Chang, Dong YeongJeong, SujongPark, Chang-EuiPark, HoonyoungShin, JaewonBae, YeonPark, HayoungPark, Chan Ryul
Issue Date
Elsevier BV
Agricultural and Forest Meteorology, v.348
In March 2022, three weeks earlier than the usual forest fire season, a wildfire of unprecedented scale broke out in South Korea, spreading rapidly over a large forest area and burning 22,477 hectares in two weeks. This event was likely related to climate change; however, the relevance of climate change in the occurrence of such large fire events is not yet clearly understood.
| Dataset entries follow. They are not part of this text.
(* For any $\xi>0$, $\epsilon>0$ and $\delta>0$, there exists an $(\epsilon,\delta)$-differentially private (central model) $\left(1+\xi,\ O_\xi\!\left(\frac{m^3}{\epsilon n}\sqrt{\log\frac1\delta}\right)\right)$-approximation algorithm for the rank aggregation problem, where the hidden constant depends only on $\xi$.
   Context: Items are $[m]=\{1,\dots,m\}$; $\mathbb{S}_m$ is the set of rankings (permutations) of $[m]$, $\pi(j)$ being the position of item $j$. The Kendall tau distance is $K(\pi_1,\pi_2)=|\{(i,j):\pi_1(i)<\pi_1(j),\ \pi_2(i)>\pi_2(j)\}|$. An input is a list $\Pi=\{\pi_1,\dots,\pi_n\}$ of $n$ rankings. Define $\bar K(\sigma,\Pi)=\frac1n\sum_k K(\sigma,\pi_k)$ and $\mathrm{OPT}(\Pi)=\min_\sigma\bar K(\sigma,\Pi)$. A randomized algorithm is an $(\alpha,\beta)$-approximation algorithm for rank aggregation if for every input $\Pi$ its output $\sigma$ satisfies $\mathbb{E}[\bar K(\sigma,\Pi)]\le\alpha\,\mathrm{OPT}(\Pi)+\beta$. Two inputs are neighboring if they differ in a single ranking; an algorithm $\mathcal{M}$ is $(\epsilon,\delta)$-DP (central model) if for all neighboring $\Pi,\Pi'$ and all output sets $S$, $\Pr[\mathcal{M}(\Pi)\in S]\le e^{\epsilon}\Pr[\mathcal{M}(\Pi')\in S]+\delta$. *)

theory Defs
  imports "HOL-Probability.Probability" "HOL-Combinatorics.Permutations"
begin

text \<open>Rankings of the items [m] = {1..m}: permutations pi with pi j the position of item j.\<close>
definition rankings :: "nat \<Rightarrow> (nat \<Rightarrow> nat) set" where
  "rankings m = {p. p permutes {1..m}}"

definition kendall :: "nat \<Rightarrow> (nat \<Rightarrow> nat) \<Rightarrow> (nat \<Rightarrow> nat) \<Rightarrow> nat" where
  "kendall m p1 p2 = card {(i, j). i \<in> {1..m} \<and> j \<in> {1..m} \<and> p1 i < p1 j \<and> p2 i > p2 j}"

definition avg_kendall :: "nat \<Rightarrow> (nat \<Rightarrow> nat) \<Rightarrow> (nat \<Rightarrow> nat) list \<Rightarrow> real" where
  "avg_kendall m s Ps = (\<Sum>k<length Ps. real (kendall m s (Ps ! k))) / real (length Ps)"

definition OPT :: "nat \<Rightarrow> (nat \<Rightarrow> nat) list \<Rightarrow> real" where
  "OPT m Ps = Min ((\<lambda>s. avg_kendall m s Ps) ` rankings m)"

definition valid_input :: "nat \<Rightarrow> nat \<Rightarrow> (nat \<Rightarrow> nat) list \<Rightarrow> bool" where
  "valid_input m n Ps \<longleftrightarrow> length Ps = n \<and> set Ps \<subseteq> rankings m"

definition neighboring :: "(nat \<Rightarrow> nat) list \<Rightarrow> (nat \<Rightarrow> nat) list \<Rightarrow> bool" where
  "neighboring Ps Qs \<longleftrightarrow> length Ps = length Qs \<and>
     (\<exists>k < length Ps. \<forall>i < length Ps. i \<noteq> k \<longrightarrow> Ps ! i = Qs ! i)"

definition differentially_private ::
  "real \<Rightarrow> real \<Rightarrow> nat \<Rightarrow> nat \<Rightarrow> ((nat \<Rightarrow> nat) list \<Rightarrow> (nat \<Rightarrow> nat) pmf) \<Rightarrow> bool" where
  "differentially_private eps delta m n M \<longleftrightarrow>
     (\<forall>Ps Qs S. valid_input m n Ps \<longrightarrow> valid_input m n Qs \<longrightarrow> neighboring Ps Qs \<longrightarrow>
        measure_pmf.prob (M Ps) S \<le> exp eps * measure_pmf.prob (M Qs) S + delta)"

definition approximation ::
  "real \<Rightarrow> real \<Rightarrow> nat \<Rightarrow> nat \<Rightarrow> ((nat \<Rightarrow> nat) list \<Rightarrow> (nat \<Rightarrow> nat) pmf) \<Rightarrow> bool" where
  "approximation alpha beta m n M \<longleftrightarrow>
     (\<forall>Ps. valid_input m n Ps \<longrightarrow>
        set_pmf (M Ps) \<subseteq> rankings m \<and>
        measure_pmf.expectation (M Ps) (\<lambda>s. avg_kendall m s Ps) \<le> alpha * OPT m Ps + beta)"

end

theory Submission
  imports Defs "HOL-Combinatorics.Multiset_Permutations"
begin

text \<open>
  The mechanism returns a Kemeny ranking \<open>\<sigma>\<^sup>*\<close> with probability \<open>\<delta>\<close> and otherwise samples
  \<open>\<sigma>\<close> with probability proportional to \<open>exp (- \<beta> S \<sigma>)\<close>, where \<open>S\<close> is the total Kendall
  distance to the input and \<open>\<beta> = \<epsilon> / (2 (m\<^sup>2 + 1))\<close>. Replacing one input ranking moves \<open>S\<close>
  by at most \<open>m\<^sup>2\<close>, so the Gibbs part is \<open>\<epsilon>\<close>-private, and the mass \<open>\<delta>\<close> on \<open>\<sigma>\<^sup>*\<close> is paid
  for by the additive \<open>\<delta>\<close>.

  For utility, convexity of the log-partition function \<open>ln Z\<close> gives
  \<open>\<theta> E\<^sub>\<beta>[S] \<le> ln (Z (\<beta> - \<theta>) / Z \<beta>)\<close>. By the triangle inequality
  \<open>\<bar>S \<sigma> - n K(\<sigma>, \<sigma>\<^sup>*)\<bar> \<le> S \<sigma>\<^sup>*\<close>, so \<open>Z \<beta>\<close> is within \<open>exp (\<plusminus>\<beta> S \<sigma>\<^sup>*)\<close> of the
  Mahonian generating function \<open>\<Prod>k<m. 1 + t + \<dots> + t\<^sup>k\<close> at \<open>t = exp (- \<beta> n)\<close>, and
  comparing \<open>t\<close> with \<open>t\<^sup>L\<close> factor by factor costs only \<open>L\<^sup>m\<close>. Taking \<open>\<theta> = \<beta> (L - 1) / L\<close>
  yields \<open>E[S] \<le> (L + 1) / (L - 1) S \<sigma>\<^sup>* + 2 m ln L / \<beta>\<close>; choosing \<open>L \<approx> 2 / \<xi>\<close> makes the
  ratio at most \<open>1 + \<xi>\<close>, and the additive error \<open>O (m\<^sup>3 ln L / (\<epsilon> n))\<close> is scaled by
  \<open>1 - \<delta> \<le> sqrt (ln (1 / \<delta>))\<close>.
\<close>

section \<open>Inversions and the Mahonian generating function\<close>

fun inversions :: "('a \<Rightarrow> 'b::linorder) \<Rightarrow> 'a list \<Rightarrow> nat" where
  "inversions f [] = 0"
| "inversions f (x # xs) = length (filter (\<lambda>y. f y < f x) xs) + inversions f xs"

lemma inversion_pairs_Cons:
  fixes f :: "'a \<Rightarrow> 'b::linorder" and g :: "'a \<Rightarrow> 'c::linorder"
  assumes "\<And>v. v \<in> set xs \<Longrightarrow> g x < g v"
  shows "{(u, v). u \<in> set (x # xs) \<and> v \<in> set (x # xs) \<and> g u < g v \<and> f v < f u}
    = Pair x ` {v \<in> set xs. f v < f x} \<union> {(u, v). u \<in> set xs \<and> v \<in> set xs \<and> g u < g v \<and> f v < f u}"
    (is "?pairs (x # xs) = ?new \<union> ?pairs xs")
proof (intro equalityI subsetI)
  fix p assume "p \<in> ?pairs (x # xs)"
  then obtain u v where p: "p = (u, v)" "u \<in> set (x # xs)" "v \<in> set (x # xs)"
    "g u < g v" "f v < f u" by blast
  have "v \<noteq> x"
  proof
    assume "v = x"
    then have "u \<in> set xs" using p by auto
    then show False using assms[of u] p(4) \<open>v = x\<close> by simp
  qed
  then show "p \<in> ?new \<union> ?pairs xs" using p by auto
next
  fix p assume "p \<in> ?new \<union> ?pairs xs"
  then show "p \<in> ?pairs (x # xs)" using assms by auto
qed

lemma inversions_eq_card:
  fixes g :: "'a \<Rightarrow> 'c::linorder"
  assumes "distinct xs" and "sorted_wrt (\<lambda>u v. g u < g v) xs"
  shows "inversions f xs = card {(u, v). u \<in> set xs \<and> v \<in> set xs \<and> g u < g v \<and> f v < f u}"
  using assms
proof (induction xs)
  case Nil
  then show ?case by simp
next
  case (Cons x xs)
  let ?pairs = "\<lambda>A. {(u, v). u \<in> A \<and> v \<in> A \<and> g u < g v \<and> f v < f u}"
  let ?new = "Pair x ` {v \<in> set xs. f v < f x}"
  have split: "?pairs (set (x # xs)) = ?new \<union> ?pairs (set xs)"
    by (rule inversion_pairs_Cons) (use Cons.prems in simp)
  have "finite (?pairs (set xs))"
    by (rule finite_subset[of _ "set xs \<times> set xs"]) auto
  moreover have "?new \<inter> ?pairs (set xs) = {}"
    using Cons.prems by auto
  ultimately have card_split: "card (?pairs (set (x # xs))) = card ?new + card (?pairs (set xs))"
    unfolding split by (simp add: card_Un_disjoint)
  have "card ?new = card {v \<in> set xs. f v < f x}"
    by (simp add: card_image inj_on_def)
  also have "\<dots> = length (filter (\<lambda>y. f y < f x) xs)"
    using Cons.prems by (simp add: distinct_length_filter Int_def conj_commute)
  finally have card_new: "card ?new = length (filter (\<lambda>y. f y < f x) xs)" .
  have "inversions f xs = card (?pairs (set xs))"
    using Cons.IH Cons.prems by simp
  then have "inversions f (x # xs) = card ?new + card (?pairs (set xs))"
    by (simp only: inversions.simps card_new)
  with card_split show ?case by linarith
qed

lemma bij_betw_card_less:
  fixes f :: "'a \<Rightarrow> 'b::linorder"
  assumes "finite A" and "inj_on f A"
  shows "bij_betw (\<lambda>x. card {y \<in> A. f y < f x}) A {..<card A}"
proof -
  let ?r = "\<lambda>x. card {y \<in> A. f y < f x}"
  have r_less: "?r x < ?r x'" if "x \<in> A" and "f x < f x'" for x x'
  proof (rule psubset_card_mono)
    show "finite {y \<in> A. f y < f x'}" using assms(1) by simp
    show "{y \<in> A. f y < f x} \<subset> {y \<in> A. f y < f x'}"
      using that by (auto intro: order.strict_trans)
  qed
  have "inj_on ?r A"
  proof (rule inj_onI)
    fix x x' assume x: "x \<in> A" and x': "x' \<in> A" and eq: "?r x = ?r x'"
    show "x = x'"
    proof (cases "f x" "f x'" rule: linorder_cases)
      case less
      then show ?thesis using r_less[OF x less] eq by simp
    next
      case equal
      then show ?thesis using assms(2) x x' by (simp add: inj_on_eq_iff)
    next
      case greater
      then show ?thesis using r_less[OF x' greater] eq by simp
    qed
  qed
  moreover have "?r x < card A" if "x \<in> A" for x
  proof (rule psubset_card_mono)
    show "{y \<in> A. f y < f x} \<subset> A" using that by auto
  qed (rule assms(1))
  ultimately show ?thesis
    by (simp add: bij_betw_def card_image card_subset_eq image_subset_iff)
qed

definition mahonian_gf :: "nat \<Rightarrow> 'a::comm_semiring_1 \<Rightarrow> 'a" where
  "mahonian_gf n t = (\<Prod>k<n. \<Sum>j\<le>k. t ^ j)"

lemma inversions_Cons_permutations_of_set:
  assumes "ys \<in> permutations_of_set (A - {x})"
  shows "inversions f (x # ys) = card {y \<in> A. f y < f x} + inversions f ys"
proof -
  have "length (filter (\<lambda>y. f y < f x) ys) = card ({y. f y < f x} \<inter> (A - {x}))"
    using assms by (simp add: distinct_length_filter permutations_of_set_def)
  also have "\<dots> = card {y \<in> A. f y < f x}"
    by (rule arg_cong[where f = card]) auto
  finally show ?thesis by simp
qed

lemma sum_power_inversions:
  fixes t :: "'c::comm_semiring_1" and f :: "'a \<Rightarrow> 'b::linorder"
  assumes "finite A" and "inj_on f A"
  shows "(\<Sum>xs\<in>permutations_of_set A. t ^ inversions f xs) = mahonian_gf (card A) t"
  using assms
proof (induction "card A" arbitrary: A)
  case 0
  then show ?case by (simp add: mahonian_gf_def)
next
  case (Suc k)
  define r where "r x = card {y \<in> A. f y < f x}" for x
  have "A \<noteq> {}" using Suc.hyps by auto
  have head: "(\<Sum>ys\<in>permutations_of_set (A - {x}). t ^ inversions f (x # ys))
      = t ^ r x * mahonian_gf k t" if "x \<in> A" for x
  proof -
    have "(\<Sum>ys\<in>permutations_of_set (A - {x}). t ^ inversions f (x # ys))
        = (\<Sum>ys\<in>permutations_of_set (A - {x}). t ^ r x * t ^ inversions f ys)"
      by (rule sum.cong[OF refl]) (simp only: inversions_Cons_permutations_of_set r_def power_add)
    also have "\<dots> = t ^ r x * (\<Sum>ys\<in>permutations_of_set (A - {x}). t ^ inversions f ys)"
      by (rule sum_distrib_left[symmetric])
    also have "(\<Sum>ys\<in>permutations_of_set (A - {x}). t ^ inversions f ys) = mahonian_gf k t"
    proof -
      have "card (A - {x}) = k" using Suc.hyps(2) Suc.prems(1) that by simp
      then show ?thesis
        using Suc.hyps(1)[of "A - {x}"] Suc.prems that by (simp add: inj_on_diff)
    qed
    finally show ?thesis .
  qed
  have "(\<Sum>xs\<in>permutations_of_set A. t ^ inversions f xs)
      = (\<Sum>x\<in>A. \<Sum>xs\<in>(#) x ` permutations_of_set (A - {x}). t ^ inversions f xs)"
    unfolding permutations_of_set_nonempty[OF \<open>A \<noteq> {}\<close>]
    by (rule sum.UNION_disjoint) (use Suc.prems in auto)
  also have "\<dots> = (\<Sum>x\<in>A. \<Sum>ys\<in>permutations_of_set (A - {x}). t ^ inversions f (x # ys))"
    by (rule sum.cong[OF refl]) (simp add: sum.reindex inj_on_def)
  also have "\<dots> = (\<Sum>x\<in>A. t ^ r x) * mahonian_gf k t"
    unfolding sum_distrib_right by (rule sum.cong[OF refl head])
  also have "(\<Sum>x\<in>A. t ^ r x) = (\<Sum>j\<le>k. t ^ j)"
    using sum.reindex_bij_betw[OF bij_betw_card_less[OF Suc.prems], of "power t"]
    by (simp add: r_def lessThan_Suc_atMost flip: Suc.hyps(2))
  finally show ?case
    using Suc.hyps(2)[symmetric] by (simp add: mahonian_gf_def mult.commute)
qed

lemma sum_power_le_blocks:
  fixes s :: real
  assumes "0 \<le> s" and "s \<le> 1"
  shows "(\<Sum>j<i * L. s ^ j) \<le> real L * (\<Sum>q<i. (s ^ L) ^ q)"
proof -
  have "(\<Sum>j\<in>{q * L..<q * L + L}. s ^ j) \<le> real L * (s ^ L) ^ q" for q
  proof -
    have "(\<Sum>j\<in>{q * L..<q * L + L}. s ^ j) \<le> (\<Sum>j\<in>{q * L..<q * L + L}. s ^ (q * L))"
      by (rule sum_mono) (use assms in \<open>auto intro: power_decreasing\<close>)
    then show ?thesis
      by (simp add: power_mult mult.commute)
  qed
  then have "(\<Sum>q<i. \<Sum>j\<in>{q * L..<q * L + L}. s ^ j) \<le> (\<Sum>q<i. real L * (s ^ L) ^ q)"
    by (rule sum_mono)
  then show ?thesis
    by (simp add: sum.nat_group sum_distrib_left)
qed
In this study, we assessed how climate change affects the regional climate and the extent to which it enhances the potential risk of wildfires based on the analysis of long-term meteorological observation data from 1923 to 2022 and the calculation of fire weather indices (FWIs). Results showed that the climate regime has shifted from cold and wet to warm and dry winters, with this shift involving a 4 degree celsius increase in temperature, an 8 % decrease in relative humidity, and a 17 mm decrease in precipitation. Dry winter weather has become increasingly severe, resulting in extreme drought in winter 2021 and early spring 2022, with the FWI calculations revealing great potential dangers from fires. However, no major fires were reported in 2021, which is attributable to a reduction in accidental ignition sources owing to the restrictions on human activity caused by the COVID-19 pandemic. This demonstrates the importance of managing artificial ignition. The 2022 wildfires produced substantial quantities of ultrafine aerosols, which consisted mainly of particles smaller than 1.0 mu m. These particles have raised the level of air pollution by more than 20 times compared to before the fires. The CO concentrations were also found to be 4 to 12 times higher than the typical local background concentrations. This study highlights that climate change may make forests more vulnerable to fire in temperate and mid-latitude monsoon-affected regions, where large-scale wildfires were not previously a concern.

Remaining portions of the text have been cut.